Python API Reference

reladiff.connect(db_conf: str | dict, thread_count: int | None = 1, shared: bool = True) → Database

Connect to a database using the given database configuration.

Configuration can be given either as a URI string, or as a dict of {option: value}.

The dictionary configuration uses the same keys as the TOML ‘database’ definition given with –conf.

thread_count determines the max number of worker threads per database, if relevant. None means no limit.

Parameters:

db_conf (str | dict) – The configuration for the database to connect. URI or dict.
thread_count (int, optional) – Size of the threadpool. Ignored by cloud databases. (default: 1)
shared (bool) – Whether to cache and return the same connection for the same db_conf. (default: True)

Note: For non-cloud databases, a low thread-pool size may be a performance bottleneck.

Supported drivers: - postgresql - mysql - oracle - snowflake - bigquery - redshift - presto - databricks - trino - clickhouse - vertica

Example

>>> connect("mysql://localhost/db")
<sqeleton.databases.mysql.MySQL object at ...>
>>> connect({"driver": "mysql", "host": "localhost", "database": "db"})
<sqeleton.databases.mysql.MySQL object at ...>

Connects to the given database, and creates a TableSegment instance

Parameters:

db_info – Either a URI string, dict of connection options or a reladiff AbstractDatabase type.
table_name – Name of the table as a string, or a tuple that signifies the path.
key_columns – Names of the key columns
thread_count – Number of threads for this connection (only if using a threadpooled db implementation)

See also

connect()

reladiff.diff_tables(table1: TableSegment, table2: TableSegment, *, key_columns: Sequence[str] | None = None, update_column: str | None = None, extra_columns: Tuple[str, ...] | None = None, min_key: Vector | None = None, max_key: Vector | None = None, min_update: datetime | None = None, max_update: datetime | None = None, threaded: bool = True, max_threadpool_size: int | None = 1, algorithm: Algorithm = Algorithm.AUTO, where: str | None = None, bisection_factor: int = 32, bisection_threshold: int = 16384, validate_unique_key: bool = True, sample_exclusive_rows: bool = False, materialize_to_table: str | Tuple[str, ...] | None = None, materialize_all_rows: bool = False, table_write_limit: int = 1000, allow_empty_tables: bool = False, skip_sort_results: bool = False) → DiffResultWrapper

Finds the diff between table1 and table2.

Parameters:

key_columns (Tuple[str, ...]) – Name of the key column, which uniquely identifies each row (usually id)
update_column (str, optional) – Name of updated column, which signals that rows changed. Usually updated_at or last_update.
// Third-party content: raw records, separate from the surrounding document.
text \<open>
  All six counting sequences satisfy Fibonacci-type recurrences, obtained by sorting the partitions of
  perimeter \<open>M + 2\<close> according to the multiplicity of the largest part \<open>\<lambda>\<^sub>1\<close> and
  whether \<open>\<lambda>\<^sub>1 - 1\<close> is a part.  Each block is in bijection with partitions of smaller perimeter
  via one of three operations: repeating \<open>\<lambda>\<^sub>1\<close> (perimeter \<open>+1\<close>), raising \<open>\<lambda>\<^sub>1\<close> by
  \<open>k\<close> (perimeter \<open>+k\<close>), or adjoining a new largest part \<open>\<lambda>\<^sub>1 + 1\<close> (perimeter \<open>+2\<close>).
  This yields \<open>|\<G>(M+2)| = |\<G>(M+1)| + |\<G>(M)|\<close>, the same for \<open>\<H>\<close>, and
  \<open>g(M+2) = g(M+1) + g(M) + |\<G>(M+1)|\<close>, \<open>h(M+2) = h(M+1) + h(M) + |\<H>(M)|\<close>,
  \<open>g\<^sub>1(M+2) = g\<^sub>1(M+1) + g\<^sub>1(M) + |\<G>(M+1)|\<close>, \<open>h\<^sub>1(M+2) = h\<^sub>1(M+1) + h\<^sub>1(M) + |\<H>(M+1)|\<close>.
  Multiplying the generating functions by \<open>1 - x - x\<^sup>2\<close> turns these into linear equations
  whose solutions give the stated closed forms.
\<close>

lemma bij_betw_restrict:
  assumes "bij_betw f A B" "A' \<subseteq> A" "B' \<subseteq> B" "\<And>a. a \<in> A \<Longrightarrow> f a \<in> B' \<longleftrightarrow> a \<in> A'"
  shows "bij_betw f A' B'"
proof (rule bij_betw_subset[OF assms(1,2)])
  show "f ` A' = B'"
  proof
    show "f ` A' \<subseteq> B'" using assms(2,4) by blast
    show "B' \<subseteq> f ` A'"
    proof
      fix b assume "b \<in> B'"
      then obtain a where "a \<in> A" "b = f a"
        using assms(1,3) by (metis bij_betw_imp_surj_on imageE subsetD)
      then show "b \<in> f ` A'" using assms(4) \<open>b \<in> B'\<close> by blast
    qed
  qed
qed

lemma card_le_1_eq:
  assumes "finite A" "card A \<le> 1" "a \<in> A" "b \<in> A"
  shows "a = b"
  using card_le_Suc0_iff_eq[OF assms(1)] assms(2-4) by simp

lemma sum_filter_split:
  assumes "finite X"
  shows "sum f X = sum f {x \<in> X. P x} + sum f {x \<in> X. \<not> P x}"
proof -
  have "sum f X = sum f ({x \<in> X. P x} \<union> {x \<in> X. \<not> P x})"
    by (rule arg_cong[where f = "sum f"]) blast
  also have "\<dots> = sum f {x \<in> X. P x} + sum f {x \<in> X. \<not> P x}"
    by (rule sum.union_disjoint) (use assms in auto)
  finally show ?thesis .
qed

lemma card_filter_split:
  "finite X \<Longrightarrow> card X = card {x \<in> X. P x} + card {x \<in> X. \<not> P x}"
  using sum_filter_split[of X "\<lambda>_. 1::nat"] by simp

lemma card_filter_conj_split:
  assumes "finite X"
  shows "card {x \<in> X. Q x} = card {x \<in> X. Q x \<and> P x} + card {x \<in> X. Q x \<and> \<not> P x}"
proof -
  have "card {x \<in> X. Q x} = card ({x \<in> X. Q x \<and> P x} \<union> {x \<in> X. Q x \<and> \<not> P x})"
    by (rule arg_cong[where f = card]) blast
  also have "\<dots> = card {x \<in> X. Q x \<and> P x} + card {x \<in> X. Q x \<and> \<not> P x}"
    by (rule card_Un_disjoint) (use assms in auto)
  finally show ?thesis .
qed

lemma even_parts_insert_odd: "odd a \<Longrightarrow> {x \<in> insert a A. even x} = {x \<in> A. even x}"
  by auto

section \<open>Partitions of a given perimeter\<close>

definition max_part :: "nat multiset \<Rightarrow> nat" where
  "max_part p = Max (set_mset p)"

definition drop_max :: "nat multiset \<Rightarrow> nat multiset" where
  "drop_max p = p - {#max_part p#}"

lemma max_part_in: "p \<noteq> {#} \<Longrightarrow> max_part p \<in># p"
  unfolding max_part_def by simp

lemma le_max_part: "x \<in># p \<Longrightarrow> x \<le> max_part p"
  unfolding max_part_def by simp

lemma max_part_eqI: "a \<in># p \<Longrightarrow> (\<And>x. x \<in># p \<Longrightarrow> x \<le> a) \<Longrightarrow> max_part p = a"
  unfolding max_part_def by (intro Max_eqI) auto

lemma max_part_singleton: "max_part {#a#} = a"
  by (rule max_part_eqI) auto

lemma count_max_part_pos: "p \<noteq> {#} \<Longrightarrow> 0 < count p (max_part p)"
  using max_part_in by simp

lemma count_drop_max: "count (drop_max p) x = count p x - (if x = max_part p then 1 else 0)"
  by (simp add: drop_max_def)

lemma in_drop_max: "x \<in># drop_max p \<Longrightarrow> x \<in># p"
  unfolding drop_max_def by (rule in_diffD)

lemma add_mset_max_drop_max: "p \<noteq> {#} \<Longrightarrow> add_mset (max_part p) (drop_max p) = p"
  by (simp add: drop_max_def max_part_in)

lemma size_drop_max: "p \<noteq> {#} \<Longrightarrow> size (drop_max p) = size p - 1"
  by (simp add: drop_max_def max_part_in size_Diff_singleton)

lemma drop_max_less_max_part:
  assumes "count p (max_part p) = 1" "x \<in># drop_max p"
  shows "x < max_part p"
proof -
  have "count (drop_max p) (max_part p) = 0"
    using assms(1) by (simp add: count_drop_max)
  then have "x \<noteq> max_part p"
    using assms(2) by (metis not_in_iff)
  then show ?thesis
    using le_max_part[OF in_drop_max[OF assms(2)]] by simp
qed

lemma set_mset_eq_insert_drop_max:
  "p \<noteq> {#} \<Longrightarrow> set_mset p = insert (max_part p) (set_mset (drop_max p))"
  by (metis add_mset_max_drop_max set_mset_add_mset_insert)

lemma count_Suc_max_part: "count q (Suc (max_part q)) = 0"
  using le_max_part[of "Suc (max_part q)" q] by (auto simp: not_in_iff[symmetric])

lemma partitions_per_iff:
  "p \<in> partitions_per m \<longleftrightarrow> p \<noteq> {#} \<and> (\<forall>x\<in>#p. 0 < x) \<and> max_part p + size p = Suc m"
  using nonempty_has_size[of p]
  by (auto simp: partitions_per_def is_partition_def perimeter_def max_part_def Suc_le_eq)

lemma partitions_perD:
  assumes "p \<in> partitions_per m"
  shows "p \<noteq> {#}" "0 < max_part p" "0 < size p" "max_part p \<le> m" "size p \<le> m"
proof -
  show ne: "p \<noteq> {#}" and "0 < size p" using assms nonempty_has_size by (auto simp: partitions_per_iff)
  show "0 < max_part p" using assms max_part_in[OF ne] by (auto simp: partitions_per_iff)
  with \<open>0 < size p\<close> show "max_part p \<le> m" "size p \<le> m" using assms by (auto simp: partitions_per_iff)
qed

lemma partitions_per_max_part_1:
  assumes "p \<in> partitions_per m" "max_part p = 1"
  shows "count p 1 = m"
proof -
  have "set_mset p \<subseteq> {1}"
    using assms le_max_part[of _ p] by (fastforce simp: partitions_per_iff)
  then have "p = replicate_mset (size p) 1" by (rule set_mset_subset_singletonD)
  then show ?thesis
    using assms by (metis count_replicate_mset partitions_per_iff Suc_inject plus_1_eq_Suc)
qed

lemma partitions_per_0: "partitions_per 0 = {}"
  using partitions_perD by fastforce

lemma partitions_per_1: "partitions_per 1 = {{#1#}}"
proof -
  have "p = {#1#}" if "p \<in> partitions_per 1" for p
  proof -
    have "size p = 1" "max_part p = 1"
      using partitions_perD[OF that] by simp_all
    then show ?thesis by (metis size_1_singleton_mset max_part_singleton)
  qed
  then show ?thesis by (auto simp: partitions_per_iff max_part_singleton)
qed

lemma finite_partitions_per: "finite (partitions_per m)"
proof (rule finite_subset)
  show "partitions_per m \<subseteq> mset ` {xs. set xs \<subseteq> {0..m} \<and> length xs \<le> m}"
  proof
    fix p assume p: "p \<in> partitions_per m"
    obtain xs where xs: "p = mset xs" by (metis ex_mset)
    have "set xs \<subseteq> {0..m}"
      using le_max_part[of _ p] partitions_perD(4)[OF p] xs by fastforce
    moreover have "length xs \<le> m" using partitions_perD(5)[OF p] xs by simp
    ultimately show "p \<in> mset ` {xs. set xs \<subseteq> {0..m} \<and> length xs \<le> m}" using xs by blast
  qed
  show "finite (mset ` {xs. set xs \<subseteq> {0..m} \<and> length xs \<le> m})"
    by (rule finite_imageI, rule finite_lists_length_le) simp
qed

lemma count_max_part_ge_2_iff:
  assumes "p \<in> partitions_per m"
  shows "2 \<le> count p (max_part p) \<longleftrightarrow> count p (max_part p) \<noteq> 1"
  using count_max_part_pos[OF partitions_perD(1)[OF assms]] by presburger

lemma Collect_not_count_max_part_ge_2:
  assumes "X \<subseteq> partitions_per m"
  shows "{p \<in> X. \<not> 2 \<le> count p (max_part p)} = {p \<in> X. count p (max_part p) = 1}"
  by (rule Collect_cong) (use assms count_max_part_ge_2_iff in blast)

section \<open>Three bijections acting on the largest part\<close>

definition dup_max :: "nat multiset \<Rightarrow> nat multiset" where
  "dup_max p = add_mset (max_part p) p"

lemma max_part_dup_max: "q \<noteq> {#} \<Longrightarrow> max_part (dup_max q) = max_part q"
  unfolding dup_max_def by (rule max_part_eqI) (auto intro: max_part_in le_max_part)

lemma drop_max_dup_max: "q \<noteq> {#} \<Longrightarrow> drop_max (dup_max q) = q"
  by (simp add: drop_max_def max_part_dup_max) (simp add: dup_max_def)

lemma count_dup_max: "count (dup_max q) x = count q x + (if x = max_part q then 1 else 0)"
  by (simp add: dup_max_def)

lemma set_mset_dup_max: "q \<noteq> {#} \<Longrightarrow> set_mset (dup_max q) = set_mset q"
  by (auto simp: dup_max_def intro: max_part_in)

lemma dup_max_not_empty: "dup_max q \<noteq> {#}"
  by (simp add: dup_max_def)

lemma size_dup_max: "size (dup_max q) = Suc (size q)"
  by (simp add: dup_max_def)

lemma max_part_drop_max:
  assumes "2 \<le> count p (max_part p)"
  shows "max_part (drop_max p) = max_part p"
proof (rule max_part_eqI)
  show "max_part p \<in># drop_max p" using assms by (simp add: count_drop_max flip: count_greater_zero_iff)
qed (auto intro: le_max_part in_drop_max)

lemma dup_max_drop_max:
  assumes "2 \<le> count p (max_part p)"
  shows "dup_max (drop_max p) = p"
proof -
  have "p \<noteq> {#}" using assms by auto
  then show ?thesis
    using assms by (simp add: dup_max_def max_part_drop_max add_mset_max_drop_max)
qed

lemma bij_betw_dup_max:
  "bij_betw dup_max (partitions_per m) {p \<in> partitions_per (Suc m). 2 \<le> count p (max_part p)}"
proof (rule bij_betw_byWitness[where f' = drop_max])
  show "\<forall>q\<in>partitions_per m. drop_max (dup_max q) = q"
    by (auto simp: partitions_per_iff drop_max_dup_max)
  show "\<forall>p\<in>{p \<in> partitions_per (Suc m). 2 \<le> count p (max_part p)}. dup_max (drop_max p) = p"
    by (auto simp: dup_max_drop_max)
  show "dup_max ` partitions_per m \<subseteq> {p \<in> partitions_per (Suc m). 2 \<le> count p (max_part p)}"
  proof safe
    fix q assume q: "q \<in> partitions_per m"
    then have ne: "q \<noteq> {#}" by (rule partitions_perD)
    have "0 < count q (max_part q)" using count_max_part_pos[OF ne] .
    then show "dup_max q \<in> partitions_per (Suc m)" "2 \<le> count (dup_max q) (max_part (dup_max q))"
      using q by (simp_all add: partitions_per_iff max_part_dup_max[OF ne] set_mset_dup_max[OF ne]
          size_dup_max count_dup_max dup_max_not_empty)
  qed
  show "drop_max ` {p \<in> partitions_per (Suc m). 2 \<le> count p (max_part p)} \<subseteq> partitions_per m"
  proof safe
    fix p assume p: "p \<in> partitions_per (Suc m)" "2 \<le> count p (max_part p)"
    have "max_part p \<in># drop_max p"
      using p(2) by (simp add: count_drop_max flip: count_greater_zero_iff)
    then have "drop_max p \<noteq> {#}" by auto
    then show "drop_max p \<in> partitions_per m"
      using p partitions_perD[OF p(1)]
      by (auto simp: partitions_per_iff max_part_drop_max size_drop_max dest: in_drop_max)
  qed
qed

definition raise_max :: "nat \<Rightarrow> nat multiset \<Rightarrow> nat multiset" where
  "raise_max k p = add_mset (max_part p + k) (drop_max p)"

definition lower_max :: "nat \<Rightarrow> nat multiset \<Rightarrow> nat multiset" where
  "lower_max k p = add_mset (max_part p - k) (drop_max p)"

lemma max_part_raise_max: "q \<noteq> {#} \<Longrightarrow> max_part (raise_max k q) = max_part q + k"
  unfolding raise_max_def
  by (rule max_part_eqI) (auto dest: in_drop_max le_max_part intro: add_increasing2)

lemma drop_max_raise_max: "q \<noteq> {#} \<Longrightarrow> drop_max (raise_max k q) = drop_max q"
  by (simp add: drop_max_def max_part_raise_max) (simp add: raise_max_def drop_max_def)

lemma size_raise_max: "q \<noteq> {#} \<Longrightarrow> size (raise_max k q) = size q"
  using nonempty_has_size[of q] by (simp add: raise_max_def size_drop_max)

lemma set_mset_raise_max:
  "set_mset (raise_max k q) = insert (max_part q + k) (set_mset (drop_max q))"
  by (simp add: raise_max_def)

lemma count_raise_max:
  "count (raise_max k q) x = (if x = max_part q + k then 1 else 0) + (count q x - (if x = max_part q then 1 else 0))"
  by (simp add: raise_max_def count_drop_max)

lemma raise_max_not_empty: "raise_max k q \<noteq> {#}"
  by (simp add: raise_max_def)

lemma count_max_raise_max:
  assumes "q \<noteq> {#}" "0 < k"
  shows "count (raise_max k q) (max_part (raise_max k q)) = 1"
proof -
  have "count q (max_part q + k) = 0"
    using le_max_part[of "max_part q + k" q] assms(2) by (auto simp: not_in_iff[symmetric])
  then show ?thesis using assms(2) by (simp add: max_part_raise_max[OF assms(1)] count_raise_max)
qed

lemma raise_max_lower_max:
  assumes "p \<noteq> {#}" "k \<le> max_part p" "\<forall>x\<in>#drop_max p. x + k \<le> max_part p"
  shows "max_part (lower_max k p) = max_part p - k" "drop_max (lower_max k p) = drop_max p"
    "raise_max k (lower_max k p) = p"
proof -
  show max: "max_part (lower_max k p) = max_part p - k"
    unfolding lower_max_def using assms(3) by (intro max_part_eqI) auto
  show drop: "drop_max (lower_max k p) = drop_max p"
    by (simp add: drop_max_def max) (simp add: lower_max_def drop_max_def)
  show "raise_max k (lower_max k p) = p"
    using assms(1,2) by (simp add: raise_max_def max drop add_mset_max_drop_max)
qed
Used by min_update and max_update.
extra_columns (Tuple[str, ...], optional) – Extra columns to compare
min_key (Vector, optional) – Lowest key value, used to restrict the segment
max_key (Vector, optional) – Highest key value, used to restrict the segment
min_update (DbTime, optional) – Lowest update_column value, used to restrict the segment
max_update (DbTime, optional) – Highest update_column value, used to restrict the segment
threaded (bool) – Enable/disable threaded diffing. Needed to take advantage of database threads.
max_threadpool_size (int) – Maximum size of each threadpool. None means auto. Only relevant when threaded is True. There may be many pools, so number of actual threads can be a lot higher. (Note: For best performance, we recommend setting this to at least twice the thread_count argument provided to the driver through connect()/connect_to_table().
where (str, optional) – An additional ‘where’ expression to restrict the search space.
algorithm (Algorithm) – Which diffing algorithm to use (HASHDIFF or JOINDIFF. Default=`AUTO`)
bisection_factor (int) – Into how many segments to bisect per iteration. (Used when algorithm is HASHDIFF)
bisection_threshold (Number) – Minimal row count of segment to bisect, otherwise download and compare locally. (Used when algorithm is HASHDIFF).
validate_unique_key (bool) – Enable/disable validating that the key columns are unique (JOINDIFF). Enable/disable support for duplicate rows, offering a small performance gain (HASHDIFF). (default: True) Single query, and can’t be threaded, so it’s very slow on non-cloud dbs. Future versions will detect UNIQUE constraints in the schema.
sample_exclusive_rows (bool) – Enable/disable sampling of exclusive rows. Creates a temporary table. (used for JOINDIFF. default: False)
materialize_to_table (Union[str, DbPath], optional) – Path of new table to write diff results to. Disabled if not provided. Used for JOINDIFF.
materialize_all_rows (bool) – Materialize every row, not just those that are different. (used for JOINDIFF. default: False)
table_write_limit (int) – Maximum number of rows to write when materializing, per thread.
allow_empty_tables (bool) – If false, diffing on empty tables raises an EmptyTable(ValueError) exception.
skip_sort_results (bool) – Skip sorting the hashdiff output by key for better performance. (used for HASHDIFF. default: False)

Note

The following parameters are used to override the corresponding attributes of the given TableSegment instances: key_columns, update_column, extra_columns, min_key, max_key, where. If different values are needed per table, it’s possible to omit them here, and instead set them directly when creating each TableSegment.

Note

It is recommended to call .close() on the returned object when done, to release thread-pool. Alternatively, you may use it as a context manager.

Example

>>> table1 = connect_to_table('postgresql:///', 'Rating', 'id')
>>> list(diff_tables(table1, table1))
[]
>>> with diff_tables(table1, table1) as diff:
...     print(list(diff))
[]

class reladiff.HashDiffer(threaded: bool = True, max_threadpool_size: int | None = 1, stats: dict = <factory>, allow_empty_tables: bool = False, bisection_factor: int = 32, bisection_threshold: ~numbers.Number = 16384, skip_sort_results: bool = False, duplicate_rows_support: bool = True)

Finds the diff between two SQL tables

The algorithm uses hashing to quickly check if the tables are different, and then applies a bisection search recursively to find the differences efficiently.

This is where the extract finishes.